Cette extension est avant tout un projet important et nécessaire
à l’hôpital. Afin que l’établissement puisse répondre à la future
demande hospitalière dans la région, nous avons créé près de 150
chambres supplémentaires, un plateau technique modernisé
comptant 14 salles d’opérations, ainsi qu’un service de
stérilisation, des laboratoires et la pharmacie. Le programme
nous imposait de créer des services d’une plus grande technicité
et, pour l’hospitalisation, des chambres individuelles, avec
sanitaires et douches indépendantes. Au-delà de cette nécessité
d’efficience pour l’hôpital, nous avions pour objectif de
retravailler l’image de l’établissement. L’hôpital étant situé en
hauteur, dominant la ville et la mer, nous avons donné au bâtiment
une image radicalement différente, pour un « nouvel » hôpital.
Ce projet a été divisé en deux « tranches ». La première, que
nous avons inaugurée au mois de septembre, correspond à une
surface neuve de 30 400 m2 SDO. La seconde, actuellement en
phase d’études, représente environ 12 000 m² SDO, le chantier
devant débuter cette année.
Comment définiriez-vous cette nouvelle identité visuelle ?
Nous avons dû composer avec la déclivité du terrain qui représentait déjà une importante difficulté technique. La stratification
des différentes fonctions rend aujourd’hui le bâtiment très lisible.

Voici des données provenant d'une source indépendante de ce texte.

lemma pos_a_last_if_pos_c_None:
  assumes perm: "is_perm p n" and indec: "indecomposable p"
    and c321: "contains p [3,2,1]" and c: "pos_c p = None"
  shows "pos_a p = length p - 1"
proof (rule ccontr)
  assume "pos_a p \<noteq> length p - 1"
  moreover have "pos_a p < length p"
    using plays_one_321_pos_a[OF c321] by (simp add: plays_one_321_def)
  ultimately have "Suc (pos_a p) < length p" by simp
  have "\<not> indecomposable p"
  proof (rule not_indecomposable_if_below_suffix[OF perm])
    show "0 < Suc (pos_a p)" "Suc (pos_a p) < length p" by simp fact
    fix i l assume "i < Suc (pos_a p)" "Suc (pos_a p) \<le> l" "l < length p"
    moreover have "lrmax p l" using lrmax_before_pos_c[of p l] c calculation by simp
    ultimately show "p ! i < p ! l" unfolding lrmax_def by simp
  qed
  then show False using indec by contradiction
qed

lemma larger_entry_before_pos_b:
  assumes dist: "distinct p" and av: "avoids p [3,2,4,1]" and c321: "contains p [3,2,1]"
  obtains i where "i < pos_b p" "p ! pos_b p < p ! i"
proof -
  obtain i1 i2 where i: "i1 < i2" "i2 < pos_a p" "p ! i2 < p ! i1" "p ! pos_a p < p ! i2"
    and a: "pos_a p < length p"
    using plays_one_321_pos_a[OF c321] unfolding plays_one_321_def by blast
  have b: "pos_b p < pos_a p" "p ! pos_a p < p ! pos_b p"
    using pos_b_before_and_above_pos_a[OF c321] by auto
  have "i2 \<le> pos_b p" using le_pos_b i(2,4) .
  show thesis
  proof (cases "p ! pos_b p < p ! i1")
    case True
    moreover have "i1 < pos_b p" using i(1) \<open>i2 \<le> pos_b p\<close> by simp
    ultimately show thesis by (rule that[rotated])
  next
    case False
    moreover have "p ! i1 \<noteq> p ! pos_b p"
      using nth_eq_iff_index_eq[OF dist] i(1) \<open>i2 \<le> pos_b p\<close> b(1) a by simp
    ultimately have "p ! i1 < p ! pos_b p" by simp
    with i(3) have "i2 < pos_b p" using \<open>i2 \<le> pos_b p\<close> le_neq_implies_less by fastforce
    then have "contains p [3,2,4,1]"
      using contains_3241I[of i1 i2 "pos_b p" "pos_a p" p] i b a \<open>p ! i1 < p ! pos_b p\<close> by simp
    then show thesis using av unfolding avoids_def by contradiction
  qed
qed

Nous avons un socle de panneaux de béton désactivé pour les
parkings et locaux techniques, un grand bloc en béton blanc
correspondant aux services du plateau technique, et une
structure à la stratification horizontale marquée accueillant
quatre niveaux d’hospitalisation. La difficulté, pour l’architecte,
est de regrouper ces structures différenciées en un unique
bâtiment, de créer l’unité. D’un point de vue architectural,
chaque strate est traitée de manière différente, mais l’ensemble
reste cohérent. Nous sommes également restés rationnels,
notamment dans le traitement du plateau technique, en libérant les terrasses, afin que la vue depuis les chambres soit
nette, en minimisant l’effet dû aux émergences de CTA (Centrales
de Traitement d’Air), fréquent dans les hôpitaux. Ces centrales
sont donc placées en retrait, dans un espace situé entre le
plateau technique et la zone d’hospitalisation.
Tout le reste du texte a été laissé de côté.